Logical Approach to Mechanism Writing

Solving mechanism problems is not a matter of remembering particular mechansms and particular compounds. A logical series of steps can be followed:

  1. Analyze the transformation: define the correlations between reactants and products.

  2. Identify stereoelements and possible stereochemical outcomes; that is, determine if your mechanism must explain a stereochemical event, and if so, what it is.

  3. If necessary after the analysis of (B), draw clear stereoprojections of reactants and products.

  4. Identify the fundamental mechanistic class or classes of the reaction. Only ten classes exist.

  5. For pericyclic processes, identify and draw the frontier orbitals or the fully interacting basis sets. Proceed to determine the feasibility of the process.

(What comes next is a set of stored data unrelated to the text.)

(* Let $\mathcal{Q}$ be a parabolic subset of $\mathcal{R}$, $C$ a Weyl chamber with $\mathcal{R}^+(C)\subseteq\mathcal{Q}$, and $\mathrm{s}$ an involution of $\mathcal{R}$. Let $\Phi_C=\mathcal{B}(C)\cap\mathcal{Q}^n$, $\Phi_C^\vee=\mathcal{B}(C)\setminus\Phi_C$, $\Phi_C^{\mathrm{s},+}=\{\alpha\in\Phi_C\mid\mathrm{s}(\alpha)\in\mathcal{R}^+(C)\}$, $\Phi_C^{\mathrm{s},-}=\{\alpha\in\Phi_C\mid\mathrm{s}(\alpha)\in\mathcal{R}^-(C)\}$, and $$\Psi_C=\Big\{\alpha\in\Phi_C^{\mathrm{s},+}\ \Big|\ \mathrm{s}(\alpha)\in\mathcal{Q}^n,\ \alpha\notin\bigcup_{\beta\in\Phi_C^\vee\cup\Phi_C^{\mathrm{s},-}}\mathrm{supp}_C(\mathrm{s}(\beta))\Big\}.$$ Then $\mathcal{Q}_{\Psi_C}$ is the smallest parabolic (equivalently, closed) subset of $\mathcal{R}$ containing $\mathcal{Q}\cup\mathrm{s}(\mathcal{Q})$; in particular $(\mathcal{Q}_{\Psi_C},\mathrm{s})$ is totally real. Consequently $(\mathcal{Q},\mathrm{s})$ is fundamental if and only if $\Psi_C=\emptyset$.
   Context: $\mathcal{R}$ is a reduced root system in a Euclidean space $V$. Closed subset: $\alpha,\beta\in\mathcal{Q}$, $\alpha+\beta\in\mathcal{R}\Rightarrow\alpha+\beta\in\mathcal{Q}$; parabolic: closed with $\mathcal{Q}\cup(-\mathcal{Q})=\mathcal{R}$. $\mathcal{Q}^n=\{\alpha\in\mathcal{Q}\mid-\alpha\notin\mathcal{Q}\}$. For a Weyl chamber $C$: $\mathcal{R}^\pm(C)$ positive/negative roots, $\mathcal{B}(C)$ simple roots, $\mathrm{supp}_C(\alpha)$ the set of simple roots with nonzero coefficient in $\alpha$. For $\Phi\subseteq\mathcal{B}(C)$, $\mathcal{Q}_\Phi=\mathcal{R}^+(C)\cup\{\alpha\in\mathcal{R}^-(C)\mid\mathrm{supp}_C(\alpha)\cap\Phi=\emptyset\}$ (so $\mathcal{Q}_\emptyset=\mathcal{R}$). An involution of $\mathcal{R}$ is a linear isometric involution $\mathrm{s}$ of $V$ with $\mathrm{s}(\mathcal{R})=\mathcal{R}$. A pair $(\mathcal{Q}',\mathrm{s})$ is totally real if $\mathrm{s}(\mathcal{Q}')=\mathcal{Q}'$; $(\mathcal{Q},\mathrm{s})$ is fundamental if the smallest closed subset of $\mathcal{R}$ containing $\mathcal{Q}\cup\mathrm{s}(\mathcal{Q})$ is $\mathcal{R}$. *)

theory Defs
  imports "HOL-Analysis.Analysis"
begin

definition root_reflection :: "'a::euclidean_space \<Rightarrow> 'a \<Rightarrow> 'a" where
  "root_reflection \<alpha> x = x - ((2 * (\<alpha> \<bullet> x)) / (\<alpha> \<bullet> \<alpha>)) *\<^sub>R \<alpha>"

definition reduced_root_system :: "'a::euclidean_space set \<Rightarrow> bool" where
  "reduced_root_system R \<longleftrightarrow>
     finite R \<and> 0 \<notin> R \<and> span R = UNIV \<and>
     (\<forall>\<alpha>\<in>R. root_reflection \<alpha> ` R = R) \<and>
     (\<forall>\<alpha>\<in>R. \<forall>\<beta>\<in>R. (2 * (\<alpha> \<bullet> \<beta>)) / (\<alpha> \<bullet> \<alpha>) \<in> \<int>) \<and>
     (\<forall>\<alpha>\<in>R. \<forall>c::real. c *\<^sub>R \<alpha> \<in> R \<longrightarrow> c = 1 \<or> c = -1)"

definition root_hyperplanes :: "'a::euclidean_space set \<Rightarrow> 'a set" where
  "root_hyperplanes R = (\<Union>\<alpha>\<in>R. {x. \<alpha> \<bullet> x = 0})"

definition weyl_chamber :: "'a::euclidean_space set \<Rightarrow> 'a set \<Rightarrow> bool" where
  "weyl_chamber R C \<longleftrightarrow>
     (\<exists>x. x \<notin> root_hyperplanes R \<and> C = connected_component_set (- root_hyperplanes R) x)"

definition pos_roots :: "'a::euclidean_space set \<Rightarrow> 'a set \<Rightarrow> 'a set" where
  "pos_roots R C = {\<alpha>\<in>R. \<forall>x\<in>C. 0 < \<alpha> \<bullet> x}"

definition neg_roots :: "'a::euclidean_space set \<Rightarrow> 'a set \<Rightarrow> 'a set" where
  "neg_roots R C = {\<alpha>\<in>R. \<forall>x\<in>C. \<alpha> \<bullet> x < 0}"

definition simple_roots :: "'a::euclidean_space set \<Rightarrow> 'a set \<Rightarrow> 'a set" where
  "simple_roots R C = {\<alpha>\<in>pos_roots R C.
     \<not> (\<exists>\<beta>\<in>pos_roots R C. \<exists>\<gamma>\<in>pos_roots R C. \<alpha> = \<beta> + \<gamma>)}"

text \<open>Support: simple roots with nonzero coefficient in the expansion of \<alpha> in the basis B(C)
  (the expansion is unique since B(C) is linearly independent).\<close>

definition supp :: "'a::euclidean_space set \<Rightarrow> 'a set \<Rightarrow> 'a \<Rightarrow> 'a set" where
  "supp R C \<alpha> = {\<beta>\<in>simple_roots R C. \<exists>c. \<alpha> = (\<Sum>\<gamma>\<in>simple_roots R C. c \<gamma> *\<^sub>R \<gamma>) \<and> c \<beta> \<noteq> 0}"

definition closed_subset :: "'a::euclidean_space set \<Rightarrow> 'a set \<Rightarrow> bool" where
  "closed_subset R Q \<longleftrightarrow> Q \<subseteq> R \<and> (\<forall>\<alpha>\<in>Q. \<forall>\<beta>\<in>Q. \<alpha> + \<beta> \<in> R \<longrightarrow> \<alpha> + \<beta> \<in> Q)"

definition parabolic :: "'a::euclidean_space set \<Rightarrow> 'a set \<Rightarrow> bool" where
  "parabolic R Q \<longleftrightarrow> closed_subset R Q \<and> Q \<union> uminus ` Q = R"

definition nilpart :: "'a::euclidean_space set \<Rightarrow> 'a set" where
  "nilpart Q = {\<alpha>\<in>Q. - \<alpha> \<notin> Q}"

definition Q_of :: "'a::euclidean_space set \<Rightarrow> 'a set \<Rightarrow> 'a set \<Rightarrow> 'a set" where
  "Q_of R C \<Phi> = pos_roots R C \<union> {\<alpha>\<in>neg_roots R C. supp R C \<alpha> \<inter> \<Phi> = {}}"

definition root_involution :: "'a::euclidean_space set \<Rightarrow> ('a \<Rightarrow> 'a) \<Rightarrow> bool" where
  "root_involution R s \<longleftrightarrow> linear s \<and> (\<forall>x. norm (s x) = norm x) \<and> (\<forall>x. s (s x) = x) \<and> s ` R = R"

definition closed_hull :: "'a::euclidean_space set \<Rightarrow> 'a set \<Rightarrow> 'a set" where
  "closed_hull R A = \<Inter>{Q'. closed_subset R Q' \<and> A \<subseteq> Q'}"
lemma Wvec0_le_hnorm1:
  assumes "card V = n" "k \<le> n"
  shows "real n ^ k * Wvec 0 k V w \<le> real k ^ k * hnorm1 k w V"
proof -
  have binom_pos: "real (n choose k) > 0"
    using assms by simp
  have binom_bound: "real n ^ k \<le> real k ^ k * real (n choose k)"
    using binomial_ge_n_over_k_pow_k[OF assms(2), where 'a = real]
    by (cases "k = 0") (simp_all add: power_divide divide_le_eq mult.commute)
  have "real n ^ k * Wvec 0 k V w = real n ^ k * \<bar>hsum k w V\<bar> / real (n choose k)"
    using assms by simp
  also have "\<dots> \<le> real k ^ k * real (n choose k) * \<bar>hsum k w V\<bar> / real (n choose k)"
    using binom_bound by (intro divide_right_mono mult_right_mono) auto
  also have "\<dots> = real k ^ k * \<bar>hsum k w V\<bar>"
    using binom_pos by simp
  also have "\<dots> \<le> real k ^ k * hnorm1 k w V"
    by (intro mult_left_mono abs_hsum_le_hnorm1) simp
  finally show ?thesis .
qed

lemma hnorm1_le_Wsum_step:
  fixes w :: "'a set \<Rightarrow> real"
  assumes fin: "finite V" and cV: "card V = n" and kn: "2 * Suc m \<le> n" and C_nonneg: "C \<ge> 0"
    and wdiff_bound: "\<And>x y. x \<in> V \<Longrightarrow> y \<in> V - {x} \<Longrightarrow>
      hnorm1 m (wdiff w x y) (V - {x, y})
        \<le> C * real n ^ m * (\<Sum>i=0..m. Wvec i m (V - {x, y}) (wdiff w x y))"
  shows "hnorm1 (Suc m) w V
     \<le> (2 * real (Suc m) * C + 1) * real n ^ Suc m * (\<Sum>i=0..Suc m. Wvec i (Suc m) V w)"
proof -
  define N where "N = real n * (real n - 1)"
  define A where "A = (\<Sum>x\<in>V. \<Sum>y\<in>V - {x}. \<Sum>i=0..m. Wvec i m (V - {x, y}) (wdiff w x y)) / N"
  define W0 where "W0 = Wvec 0 (Suc m) V w"
  have N_pos: "N > 0" and N_le: "N \<le> real n * real n"
    using kn unfolding N_def by auto
  have A_nonneg: "A \<ge> 0"
    unfolding A_def using N_pos by (intro divide_nonneg_pos sum_nonneg Wvec_nonneg) auto
  have W0_nonneg: "W0 \<ge> 0"
    unfolding W0_def by (rule Wvec_nonneg)
  have "(\<Sum>x\<in>V. \<Sum>y\<in>V - {x}. hnorm1 m (wdiff w x y) (V - {x, y}))
      \<le> (\<Sum>x\<in>V. \<Sum>y\<in>V - {x}. C * real n ^ m * (\<Sum>i=0..m. Wvec i m (V - {x, y}) (wdiff w x y)))"
    by (intro sum_mono wdiff_bound)
  also have "\<dots> = C * real n ^ m * (N * A)"
  proof -
    have "N * A = (\<Sum>x\<in>V. \<Sum>y\<in>V - {x}. \<Sum>i=0..m. Wvec i m (V - {x, y}) (wdiff w x y))"
      using N_pos unfolding A_def by simp
    then show ?thesis
      by (simp only: sum_distrib_left)
  qed
  also have "\<dots> \<le> C * real n ^ m * (real n * real n * A)"
    using C_nonneg N_le A_nonneg by (intro mult_left_mono mult_right_mono) auto
  finally have T_bound: "(\<Sum>x\<in>V. \<Sum>y\<in>V - {x}. hnorm1 m (wdiff w x y) (V - {x, y}))
      \<le> C * real n ^ m * (real n * real n * A)" .
  have "real n * hnorm1 (Suc m) w V \<le> real n * \<bar>hsum (Suc m) w V\<bar>
      + 2 * real (Suc m) * (\<Sum>x\<in>V. \<Sum>y\<in>V - {x}. hnorm1 m (wdiff w x y) (V - {x, y}))"
    using hnorm1_poincare[OF fin cV kn, of w] by simp
  also have "\<dots> \<le> real n * (real n ^ Suc m * W0) + 2 * real (Suc m) * (C * real n ^ m * (real n * real n * A))"
    using abs_hsum_le_Wvec0[OF cV, of "Suc m" w] kn T_bound
    unfolding W0_def by (intro add_mono mult_left_mono) auto
  also have "\<dots> = real n * (real n ^ Suc m * (W0 + 2 * real (Suc m) * C * A))"
    by (simp add: algebra_simps)
  also have "\<dots> \<le> real n * ((2 * real (Suc m) * C + 1) * real n ^ Suc m * (W0 + A))"
    using W0_nonneg A_nonneg C_nonneg
    by (intro mult_left_mono) (auto simp: algebra_simps intro!: mult_nonneg_nonneg)
  finally have "hnorm1 (Suc m) w V \<le> (2 * real (Suc m) * C + 1) * real n ^ Suc m * (W0 + A)"
    using kn by (simp add: mult_le_cancel_left_pos)
  moreover have "(\<Sum>i=0..Suc m. Wvec i (Suc m) V w) = W0 + A"
    unfolding sum_Wvec_Suc W0_def A_def N_def cV ..
  ultimately show ?thesis
    by simp
qed

lemma Wsum_le_hnorm1_step:
  fixes w :: "'a set \<Rightarrow> real"
  assumes fin: "finite V" and cV: "card V = n" and kn: "2 * Suc m \<le> n" and D_nonneg: "D \<ge> 0"
    and wdiff_bound: "\<And>x y. x \<in> V \<Longrightarrow> y \<in> V - {x} \<Longrightarrow>
      real n ^ m * (\<Sum>i=0..m. Wvec i m (V - {x, y}) (wdiff w x y))
        \<le> D * hnorm1 m (wdiff w x y) (V - {x, y})"
  shows "real n ^ Suc m * (\<Sum>i=0..Suc m. Wvec i (Suc m) V w)
     \<le> (real (Suc m) ^ Suc m + 4 * real (Suc m) * D) * hnorm1 (Suc m) w V"
proof -
  define S where "S = (\<Sum>x\<in>V. \<Sum>y\<in>V - {x}. \<Sum>i=0..m. Wvec i m (V - {x, y}) (wdiff w x y))"
  define W where "W = hnorm1 (Suc m) w V"
  have n_gt_1: "real n - 1 > 0"
    using kn by simp
  have W_nonneg: "W \<ge> 0"
    unfolding W_def by (rule hnorm1_nonneg)
  have "real n ^ m * S
      = (\<Sum>x\<in>V. \<Sum>y\<in>V - {x}. real n ^ m * (\<Sum>i=0..m. Wvec i m (V - {x, y}) (wdiff w x y)))"
    by (simp add: S_def sum_distrib_left)
  also have "\<dots> \<le> (\<Sum>x\<in>V. \<Sum>y\<in>V - {x}. D * hnorm1 m (wdiff w x y) (V - {x, y}))"
    by (intro sum_mono wdiff_bound)
  also have "\<dots> \<le> D * (2 * real n * real (Suc m) * W)"
    unfolding W_def sum_distrib_left[symmetric]
    by (intro mult_left_mono sum_hnorm1_wdiff_le fin cV D_nonneg)
  finally have S_bound: "real n ^ m * S \<le> real n * (2 * real (Suc m) * D * W)"
    by (simp add: algebra_simps)
  have "real n ^ Suc m * (S / (real n * (real n - 1))) = real n ^ m * S / (real n - 1)"
    using kn by (simp add: field_simps)
  also have "\<dots> \<le> real n * (2 * real (Suc m) * D * W) / (real n - 1)"
    using S_bound n_gt_1 by (intro divide_right_mono) auto
  also have "\<dots> \<le> 2 * (2 * real (Suc m) * D * W)"
  proof -
    have "real n * (2 * real (Suc m) * D * W) \<le> 2 * (real n - 1) * (2 * real (Suc m) * D * W)"
      using kn D_nonneg W_nonneg by (intro mult_right_mono) auto
    then show ?thesis
      using n_gt_1 by (simp add: divide_le_eq algebra_simps)
  qed
  finally have "real n ^ Suc m * (S / (real n * (real n - 1))) \<le> 2 * (2 * real (Suc m) * D * W)" .
  moreover have "real n ^ Suc m * Wvec 0 (Suc m) V w \<le> real (Suc m) ^ Suc m * W"
    unfolding W_def using kn by (intro Wvec0_le_hnorm1[OF cV]) simp
  ultimately show ?thesis
    unfolding sum_Wvec_Suc cV S_def[symmetric] W_def[symmetric] by (simp add: algebra_simps)
qed

primrec hnorm1_Wsum_const :: "nat \<Rightarrow> real" where
  "hnorm1_Wsum_const 0 = 1"
| "hnorm1_Wsum_const (Suc m) = 2 * real (Suc m) * hnorm1_Wsum_const m + 1"

text \<open>The factor \<open>2 ^ m\<close> pays for the recursion to \<open>n - 2\<close> vertices, via \<open>n \<le> 2 (n - 2)\<close>.\<close>

primrec Wsum_hnorm1_const :: "nat \<Rightarrow> real" where
  "Wsum_hnorm1_const 0 = 1"
| "Wsum_hnorm1_const (Suc m) = real (Suc m) ^ Suc m + 4 * real (Suc m) * (2 ^ m * Wsum_hnorm1_const m)"

lemma hnorm1_Wsum_const_pos: "hnorm1_Wsum_const k > 0"
  by (induction k) (auto intro: add_nonneg_pos)

lemma Wsum_hnorm1_const_pos: "Wsum_hnorm1_const k > 0"
  by (induction k) (auto intro: add_pos_nonneg)

lemma hnorm1_le_Wsum:
  fixes w :: "'a set \<Rightarrow> real"
  assumes "finite V" "card V = n" "2 * k \<le> n"
  shows "hnorm1 k w V \<le> hnorm1_Wsum_const k * real n ^ k * (\<Sum>i=0..k. Wvec i k V w)"
  using assms
proof (induction k arbitrary: V n w)
  case 0
  then show ?case by (simp add: hnorm1_def hsum_def ksubsets_0)
next
  case (Suc m)
  show ?case
    unfolding hnorm1_Wsum_const.simps
  proof (rule hnorm1_le_Wsum_step[OF Suc.prems])
    fix x y assume xy: "x \<in> V" "y \<in> V - {x}"
    let ?S = "\<Sum>i=0..m. Wvec i m (V - {x, y}) (wdiff w x y)"
    have "hnorm1 m (wdiff w x y) (V - {x, y}) \<le> hnorm1_Wsum_const m * real (n - 2) ^ m * ?S"
      using Suc.prems card_Diff_pair[OF Suc.prems(1) xy] by (intro Suc.IH) auto
    also have "\<dots> \<le> hnorm1_Wsum_const m * real n ^ m * ?S"
      using hnorm1_Wsum_const_pos[of m]
      by (intro mult_right_mono mult_left_mono power_mono sum_nonneg Wvec_nonneg) auto
    finally show "hnorm1 m (wdiff w x y) (V - {x, y}) \<le> hnorm1_Wsum_const m * real n ^ m * ?S" .
  qed (use hnorm1_Wsum_const_pos[of m] in simp)
qed

lemma Wsum_le_hnorm1:
  fixes w :: "'a set \<Rightarrow> real"
  assumes "finite V" "card V = n" "2 * k \<le> n"
  shows "real n ^ k * (\<Sum>i=0..k. Wvec i k V w) \<le> Wsum_hnorm1_const k * hnorm1 k w V"
  using assms
proof (induction k arbitrary: V n w)
  case 0
  then show ?case by (simp add: hnorm1_def hsum_def ksubsets_0)
next
  case (Suc m)
  have n_le: "real n ^ m \<le> 2 ^ m * real (n - 2) ^ m"
  proof (cases m)
    case (Suc j)
    then have "real n \<le> 2 * real (n - 2)"
      using Suc.prems(3) by (simp add: of_nat_diff)
    then show ?thesis
      by (metis power_mono power_mult_distrib of_nat_0_le_iff)
  qed simp
  show ?case
    unfolding Wsum_hnorm1_const.simps
  proof (rule Wsum_le_hnorm1_step[OF Suc.prems])
    fix x y assume xy: "x \<in> V" "y \<in> V - {x}"
    let ?S = "\<Sum>i=0..m. Wvec i m (V - {x, y}) (wdiff w x y)"
    have "real n ^ m * ?S \<le> 2 ^ m * (real (n - 2) ^ m * ?S)"
      using n_le by (simp add: mult_right_mono sum_nonneg Wvec_nonneg flip: mult.assoc)
    also have "\<dots> \<le> 2 ^ m * (Wsum_hnorm1_const m * hnorm1 m (wdiff w x y) (V - {x, y}))"
      using Suc.prems card_Diff_pair[OF Suc.prems(1) xy] by (intro mult_left_mono Suc.IH) auto
    finally show "real n ^ m * ?S \<le> 2 ^ m * Wsum_hnorm1_const m * hnorm1 m (wdiff w x y) (V - {x, y})"
      by (simp add: mult.assoc)
  qed (use Wsum_hnorm1_const_pos[of m] in simp)
qed

theorem lemma3p2:
  shows "\<forall>k::nat. \<exists>c c' :: real. c > 0 \<and> c' > 0 \<and>
     (\<forall>n::nat. n \<ge> 2 * k \<longrightarrow> (\<forall>w :: nat set \<Rightarrow> real.
        c * hnorm1 k w {1..n} / real n ^ k \<le> (\<Sum>i=0..k. Wvec i k {1..n} w) \<and>
        (\<Sum>i=0..k. Wvec i k {1..n} w) \<le> c' * hnorm1 k w {1..n} / real n ^ k))"
proof (intro allI exI conjI impI)
  fix k :: nat
  show "1 / hnorm1_Wsum_const k > 0"
    using hnorm1_Wsum_const_pos by simp
  show "Wsum_hnorm1_const k > 0"
    by (rule Wsum_hnorm1_const_pos)
  fix n :: nat and w :: "nat set \<Rightarrow> real"
  assume kn: "2 * k \<le> n"
  have n_pow_pos: "real n ^ k > 0"
    using kn by (cases k) auto
  show "1 / hnorm1_Wsum_const k * hnorm1 k w {1..n} / real n ^ k \<le> (\<Sum>i=0..k. Wvec i k {1..n} w)"
    using hnorm1_le_Wsum[of "{1..n}" n k w] kn hnorm1_Wsum_const_pos[of k] n_pow_pos
    by (simp add: divide_le_eq mult.commute mult.left_commute)
  show "(\<Sum>i=0..k. Wvec i k {1..n} w) \<le> Wsum_hnorm1_const k * hnorm1 k w {1..n} / real n ^ k"
    using Wsum_le_hnorm1[of "{1..n}" n k w] kn n_pow_pos
    by (simp add: le_divide_eq mult.commute)
qed

end
(* Let $k\in\mathbb C\setminus\mathbb Q$, $n,m\in\mathbb Z_{>0}$, $p_0=n+k^{-1}m$. Let $\alpha\in\mathcal P_{n,m}$ and let $E$ be its $\mathcal E$-equivalence class. Then: 1) $E\subset\mathcal P_{n,m}$. 2) $E$ contains a minimal bipartition $\alpha_m$ and a maximal bipartition $\alpha_M$ such that $\alpha_m\subset\beta\subset\alpha_M$ for every $\beta\in E$. They are characterised within $E$ by the properties $\lambda\cap\theta(\mu)=\emptyset$ (for $\alpha_m=(\lambda,\mu)$) and $\lambda\cup\theta(\mu)=\pi(n,m)$ (for $\alpha_M=(\lambda,\mu)$), respectively. 3) Write $\alpha_m=(\lambda_m,\mu_m)$, $\alpha_M=(\lambda_M,\mu_M)$ and let $\lambda_M\setminus\lambda_m=\nu_1\cup\dots\cup\nu_r$ and $\mu_M\setminus\mu_m=\tau_1\cup\dots\cup\tau_s$ be the decompositions of these skew diagrams into connected components. Then all $\nu_i,\tau_j\subset\pi(n,m)$, $r=s$, and after a reordering $\theta(\nu_i)=\tau_i$ for $i=1,\dots,r$. 4) Every element $\beta\in E$ can be written uniquely in the form $\beta=\alpha_m\cup(\nu_{a_1},\tau_{a_1})\cup\dots\cup(\nu_{a_l},\tau_{a_l})$ with $\{a_1,\dots,a_l\}\subset\{1,\dots,r\}$; conversely every set of this form is a bipartition belonging to $E$. In particular $E$ has exactly $2^r$ elements.
   Context: Partitions are identified with Young diagrams, i.e. finite sets of boxes $(i,j)\in\mathbb Z_{>0}^2$ ($i$ = row, $j$ = column) closed under moving up or left; a bipartition is a pair $(\lambda,\mu)$ of partitions, with inclusion and set operations (union, intersection, difference) taken componentwise. Connected components of a set of boxes are taken with respect to boxes sharing an edge. For a box $x=(i,j)$, $c(x,a)=(j-1)+k(i-1)+a$, and $b_r(\alpha,k,p_0)=\sum_{x\in\lambda}c(x,0)^{r-1}+(-1)^r\sum_{y\in\mu}c(y,1+k-kp_0)^{r-1}$ for $r\ge1$. Bipartitions are $\mathcal E$-equivalent if all their $b_r$, $r\ge1$, coincide. $\pi(n,m)=\{(i,j):1\le i\le n,1\le j\le m\}$, $\theta(i,j)=(n-i+1,m-j+1)$ on $\pi(n,m)$, and $\mathcal P_{n,m}$ is the set of bipartitions $(\lambda,\mu)$ with $\lambda,\mu\subset\pi(n,m)$. *)

theory Defs
  imports Complex_Main
begin

type_synonym box = "nat \<times> nat"
type_synonym bipart = "box set \<times> box set"

text \<open>Young diagrams: finite sets of boxes (i,j) with i,j > 0 (i = row, j = column),
closed under moving up or left.\<close>
definition is_partition :: "box set \<Rightarrow> bool" where
  "is_partition L \<longleftrightarrow> finite L \<and> (\<forall>(i,j)\<in>L. i \<ge> 1 \<and> j \<ge> 1) \<and>
     (\<forall>(i,j)\<in>L. (i > 1 \<longrightarrow> (i - 1, j) \<in> L) \<and> (j > 1 \<longrightarrow> (i, j - 1) \<in> L))"

definition is_bipartition :: "bipart \<Rightarrow> bool" where
  "is_bipartition a \<longleftrightarrow> is_partition (fst a) \<and> is_partition (snd a)"

definition bip_le :: "bipart \<Rightarrow> bipart \<Rightarrow> bool" where
  "bip_le a b \<longleftrightarrow> fst a \<subseteq> fst b \<and> snd a \<subseteq> snd b"

definition bip_union :: "bipart \<Rightarrow> bipart \<Rightarrow> bipart" where
  "bip_union a b = (fst a \<union> fst b, snd a \<union> snd b)"

definition cont :: "complex \<Rightarrow> box \<Rightarrow> complex \<Rightarrow> complex" where
  "cont k x a = of_nat (snd x - 1) + k * of_nat (fst x - 1) + a"

definition bval :: "nat \<Rightarrow> bipart \<Rightarrow> complex \<Rightarrow> complex \<Rightarrow> complex" where
  "bval r a k p0 = (\<Sum>x\<in>fst a. cont k x 0 ^ (r - 1))
      + (-1) ^ r * (\<Sum>y\<in>snd a. cont k y (1 + k - k * p0) ^ (r - 1))"

definition E_equiv :: "complex \<Rightarrow> complex \<Rightarrow> bipart \<Rightarrow> bipart \<Rightarrow> bool" where
  "E_equiv k p0 a b \<longleftrightarrow> (\<forall>r\<ge>1. bval r a k p0 = bval r b k p0)"

definition E_class :: "complex \<Rightarrow> complex \<Rightarrow> bipart \<Rightarrow> bipart set" where
  "E_class k p0 a = {b. is_bipartition b \<and> E_equiv k p0 a b}"

definition rect :: "nat \<Rightarrow> nat \<Rightarrow> box set" where
  "rect n m = {(i,j). 1 \<le> i \<and> i \<le> n \<and> 1 \<le> j \<and> j \<le> m}"

definition theta :: "nat \<Rightarrow> nat \<Rightarrow> box \<Rightarrow> box" where
  "theta n m x = (n - fst x + 1, m - snd x + 1)"

definition P_nm :: "nat \<Rightarrow> nat \<Rightarrow> bipart set" where
  "P_nm n m = {a. is_bipartition a \<and> fst a \<subseteq> rect n m \<and> snd a \<subseteq> rect n m}"

definition box_adj :: "box \<Rightarrow> box \<Rightarrow> bool" where
  "box_adj x y \<longleftrightarrow>
     (fst x = fst y \<and> (snd x = snd y + 1 \<or> snd y = snd x + 1)) \<or>
     (snd x = snd y \<and> (fst x = fst y + 1 \<or> fst y = fst x + 1))"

  6. For all other reactions, write the mechanism as a series of elementary processes.

    1. Elementary processes are reaction steps that proceed through single transition states; for heterolytic reactions they are always Bronsted or Lewis acid-base reactions.

    2. To keep track of bond making and breaking, use curly arrows or fishhooks.

      • Curly arrows are for heterolytic processes and the arrowheads have two barbs.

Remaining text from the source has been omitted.